## Activity
Set down exactly the lines in the records below that run from the line with "section \<open>Positions in" to the line with "using assms by auto", inclusive, and nothing more.

## Stored data
%%

(* Let $\mathcal{K}$ be a field with a nonarchimedean valuation and let $B\in\mathcal{K}^{n\times n}$ be an upper triangular matrix such that $\nu(\det B(\{1,\dots,|S|\},S))\in\mathbb{R}$ for all $S\subseteq[n]$ and the function $2^{[n]}\to\mathbb{R}$, $S\mapsto \nu(\det B(\{1,\dots,|S|\},S))$, is submodular. Then \[ \nu(\det B(\{1,\dots,|S|\},S))\;\ge\;\nu(\det B(T,S)) \] for all $S,T\subseteq[n]$ with $|S|=|T|$.
   Context: $\nu=-\mathrm{val}$ is the negative of the valuation, extended by $\nu(0)=-\infty$. $B(T,S)$ is the submatrix with rows $T$ and columns $S$, and the determinant of the empty matrix is $1$. A function $F:2^{[n]}\to\mathbb{R}$ is submodular if $F(S\cap T)+F(S\cup T)\le F(S)+F(T)$ for all $S,T$. *)

theory Defs
  imports "HOL-Library.Extended_Real" "Jordan_Normal_Form.Determinant" "Jordan_Normal_Form.DL_Submatrix"
begin

definition nonarch_valuation :: "('a::field \<Rightarrow> ereal) \<Rightarrow> bool" where
  "nonarch_valuation val \<longleftrightarrow>
     (\<forall>x. val x = \<infinity> \<longleftrightarrow> x = 0) \<and>
     (\<forall>x. val x \<noteq> -\<infinity>) \<and>
     (\<forall>x y. val (x * y) = val x + val y) \<and>
     (\<forall>x y. min (val x) (val y) \<le> val (x + y))"

text \<open>nu = - val, so nu 0 = -\<infinity>.\<close>
definition nu :: "('a \<Rightarrow> ereal) \<Rightarrow> 'a \<Rightarrow> ereal" where
  "nu val x = - val x"

text \<open>Submodularity of F : 2^[n] \<rightarrow> R, with [n] = {0..<n} (0-based indexing).\<close>
definition submodular_on :: "nat \<Rightarrow> (nat set \<Rightarrow> real) \<Rightarrow> bool" where
  "submodular_on n F \<longleftrightarrow>
     (\<forall>S T. S \<subseteq> {0..<n} \<longrightarrow> T \<subseteq> {0..<n} \<longrightarrow> F (S \<inter> T) + F (S \<union> T) \<le> F S + F T)"

end

theory Submission
  imports Defs
begin

(* Write v = val = -nu, and top S for the minor of B on the first |S| rows and the columns S.
   We show v (top S) <= v (det B(T,S)) by induction on sum T + sum S.
   If S = {0,...,k-1}, the minor B(T,S) is upper triangular and vanishes unless T = S.
   Otherwise j is not in S but j+1 is, for some j. Submodularity at {0,...,j} and
   {0,...,j-1,j+1} gives v B(j,j+1) <= v B(j+1,j+1), so c = B(j+1,j+1) / B(j,j+1) has
   v c >= 0. Subtracting c times row j from row j+1 and swapping the columns j and j+1
   gives an upper triangular matrix which again satisfies the hypotheses and whose top
   minors are those of B with j and j+1 exchanged; the induction hypothesis for it, at
   the columns S with j+1 replaced by j, bounds the minor on T and S of the row-reduced B.
   That minor differs from det B(T,S) by c det B(T',S), where T' is T with j+1 replaced
   by j (a term present only when j+1 is in T and j is not), and the ultrametric
   inequality together with the induction hypothesis for T' and S closes the step. *)

section \<open>Positions in finite sets of natural numbers\<close>

abbreviation adj_transpose :: "nat \<Rightarrow> nat \<Rightarrow> nat" where
  "adj_transpose j \<equiv> Transposition.transpose j (Suc j)"

lemma pick_ge_index:
  assumes "i < card X"
  shows "i \<le> pick X i"
proof -
  have "{a\<in>X. a < pick X i} \<subseteq> {..<pick X i}" by auto
  from card_mono[OF finite_lessThan this] show ?thesis
    using card_pick[of i X] assms by simp
qed

lemma card_less_in_set:
  fixes X :: "nat set"
  assumes "finite X" and "x \<in> X"
  shows "card {a\<in>X. a < x} < card X"
proof -
  have "{a\<in>X. a < x} \<subset> X" using assms(2) by auto
  thus ?thesis using assms(1) by (rule psubset_card_mono[rotated])
qed

lemma pick_eq_iff:
  fixes X :: "nat set"
  assumes "i < card X" and "x \<in> X"
  shows "pick X i = x \<longleftrightarrow> i = card {a\<in>X. a < x}"
  using assms card_pick[of i X] pick_card_in_set[of x X] by auto

lemma pick_less_if_subset:
  assumes "I \<subseteq> {0..<m}" and "i < card I"
  shows "pick I i < m"
  using pick_in_set[of i I] assms by auto

lemma pick_atLeastLessThan:
  assumes "i < k"
  shows "pick {0..<k} i = i"
proof -
  have "{a\<in>{0..<k}. a < i} = {0..<i}" using assms by auto
  hence "card {a\<in>{0..<k}. a < i} = i" by simp
  moreover have "pick {0..<k} (card {a\<in>{0..<k}. a < i}) = i"
    using assms by (intro pick_card_in_set) simp
  ultimately show ?thesis by simp
qed

lemma pick_strict_mono_image:
  assumes f: "strict_mono_on X f" and i: "i < card X"
  shows "pick (f ` X) i = f (pick X i)"
proof -
  let ?x = "pick X i"
  have x: "?x \<in> X" using pick_in_set i by blast
  have "{a \<in> f ` X. a < f ?x} = f ` {a\<in>X. a < ?x}"
    using strict_mono_on_less[OF f _ x] by auto
  moreover have "inj_on f {a\<in>X. a < ?x}"
    using strict_mono_on_imp_inj_on[OF f] by (rule inj_on_subset) auto
  ultimately have "card {a \<in> f ` X. a < f ?x} = card {a\<in>X. a < ?x}"
    by (simp add: card_image)
  also have "\<dots> = i" using card_pick i by blast
  finally have "card {a \<in> f ` X. a < f ?x} = i" .
  thus ?thesis using pick_card_in_set[of "f ?x" "f ` X"] x by simp
qed

lemma pick_adj_transpose_image:
  assumes "\<not> (j \<in> X \<and> Suc j \<in> X)" and "i < card X"
  shows "pick (adj_transpose j ` X) i = adj_transpose j (pick X i)"
proof (rule pick_strict_mono_image[OF _ assms(2)], rule strict_mono_onI)
  fix a b assume "a \<in> X" "b \<in> X" "a < b"
  thus "adj_transpose j a < adj_transpose j b"
    using assms(1) by (auto simp: transpose_def)
qed

lemma atLeastLessThan_if_downward_closed:
  fixes S :: "nat set"
  assumes fin: "finite S" and closed: "\<And>j. Suc j \<in> S \<Longrightarrow> j \<in> S"
  shows "S = {0..<card S}"
proof -
  have initial: "{0..x} \<subseteq> S" if "x \<in> S" for x
    using that
  proof (induction x)
    case (Suc x)
    hence "{0..x} \<subseteq> S" using closed by blast
    thus ?case using Suc.prems by (simp add: atLeast0_atMost_Suc)
  qed simp
  have "Suc x \<le> card S" if "x \<in> S" for x
    using card_mono[OF fin initial[OF that]] by simp
  hence "S \<subseteq> {0..<card S}" by (auto simp: Suc_le_eq)
  thus ?thesis by (rule card_subset_eq[OF finite_atLeastLessThan]) simp
qed

lemma sum_adj_transpose_image_less:
  fixes S :: "nat set"
  assumes "finite S" and "j \<notin> S" and "Suc j \<in> S"
  shows "\<Sum> (adj_transpose j ` S) < \<Sum> S"
proof -
  have "\<Sum> (adj_transpose j ` S) = (\<Sum>s\<in>S. adj_transpose j s)"
    by (simp add: sum.reindex)
  also have "\<dots> < (\<Sum>s\<in>S. s)"
  proof (rule sum_strict_mono_ex1[OF assms(1)])
    show "\<forall>s\<in>S. adj_transpose j s \<le> s" using assms(2) by (auto simp: transpose_def)
    show "\<exists>s\<in>S. adj_transpose j s < s" using assms(3) by (intro bexI[of _ "Suc j"]) auto
  qed
  finally show ?thesis by simp
qed

section \<open>Minors of upper triangular matrices\<close>

lemma submatrix_carrier_mat:
  assumes "I \<subseteq> {0..<dim_row A}" and "J \<subseteq> {0..<dim_col A}"
  shows "submatrix A I J \<in> carrier_mat (card I) (card J)"
proof (rule carrier_matI)
  have "{i. i < dim_row A \<and> i \<in> I} = I" using assms(1) by auto
  thus "dim_row (submatrix A I J) = card I" by (simp only: dim_submatrix)
  have "{j. j < dim_col A \<and> j \<in> J} = J" using assms(2) by auto
  thus "dim_col (submatrix A I J) = card J" by (simp only: dim_submatrix)
qed

lemma submatrix_index_subset:
  assumes "I \<subseteq> {0..<dim_row A}" and "J \<subseteq> {0..<dim_col A}"
    and "i < card I" and "j < card J"
  shows "submatrix A I J $$ (i, j) = A $$ (pick I i, pick J j)"
proof (rule submatrix_index)
  have "{i. i < dim_row A \<and> i \<in> I} = I" using assms(1) by auto
  thus "i < card {i. i < dim_row A \<and> i \<in> I}" using assms(3) by (simp only:)
  have "{j. j < dim_col A \<and> j \<in> J} = J" using assms(2) by auto
  thus "j < card {j. j < dim_col A \<and> j \<in> J}" using assms(4) by (simp only:)
qed

lemma det_submatrix_upper_triangular:
  fixes A :: "'a::comm_ring_1 mat"
  assumes A: "upper_triangular A" and I: "I \<subseteq> {0..<dim_row A}" and J: "J \<subseteq> {0..<dim_col A}"
    and card: "card I = card J"
    and below: "\<And>i l. l < i \<Longrightarrow> i < card I \<Longrightarrow> pick J l < pick I i"
  shows "det (submatrix A I J) = (\<Prod>i = 0..<card I. A $$ (pick I i, pick J i))"
proof -
  let ?A = "submatrix A I J"
  have carrier: "?A \<in> carrier_mat (card I) (card I)"
    using submatrix_carrier_mat[OF I J] card by simp
  have idx: "\<And>i l. i < card I \<Longrightarrow> l < card I \<Longrightarrow> ?A $$ (i, l) = A $$ (pick I i, pick J l)"
    using submatrix_index_subset[OF I J] card by simp
  have "upper_triangular ?A"
  proof (rule upper_triangularI)
    fix i l assume "l < i" "i < dim_row ?A"
    moreover have "pick I i < dim_row A"
      using pick_in_set[of i I] I \<open>i < dim_row ?A\<close> carrier by auto
    ultimately show "?A $$ (i, l) = 0"
      using idx below upper_triangularD[OF A] carrier by simp
  qed
  hence "det ?A = prod_list (diag_mat ?A)"
    using det_upper_triangular carrier by blast
  also have "\<dots> = (\<Prod>i = 0..<card I. ?A $$ (i, i))"
    using carrier by (simp add: diag_mat_def prod.distinct_set_conv_list[symmetric])
  also have "\<dots> = (\<Prod>i = 0..<card I. A $$ (pick I i, pick J i))"
    using idx by simp
  finally show ?thesis .
qed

%%

## Answer to this problem
section \<open>Positions in finite sets of natural numbers\<close>

abbreviation adj_transpose :: "nat \<Rightarrow> nat \<Rightarrow> nat" where
  "adj_transpose j \<equiv> Transposition.transpose j (Suc j)"

lemma pick_ge_index:
  assumes "i < card X"
  shows "i \<le> pick X i"
proof -
  have "{a\<in>X. a < pick X i} \<subseteq> {..<pick X i}" by auto
  from card_mono[OF finite_lessThan this] show ?thesis
    using card_pick[of i X] assms by simp
qed

lemma card_less_in_set:
  fixes X :: "nat set"
  assumes "finite X" and "x \<in> X"
  shows "card {a\<in>X. a < x} < card X"
proof -
  have "{a\<in>X. a < x} \<subset> X" using assms(2) by auto
  thus ?thesis using assms(1) by (rule psubset_card_mono[rotated])
qed

lemma pick_eq_iff:
  fixes X :: "nat set"
  assumes "i < card X" and "x \<in> X"
  shows "pick X i = x \<longleftrightarrow> i = card {a\<in>X. a < x}"
  using assms card_pick[of i X] pick_card_in_set[of x X] by auto

lemma pick_less_if_subset:
  assumes "I \<subseteq> {0..<m}" and "i < card I"
  shows "pick I i < m"
  using pick_in_set[of i I] assms by auto

lemma pick_atLeastLessThan:
  assumes "i < k"
  shows "pick {0..<k} i = i"
proof -
  have "{a\<in>{0..<k}. a < i} = {0..<i}" using assms by auto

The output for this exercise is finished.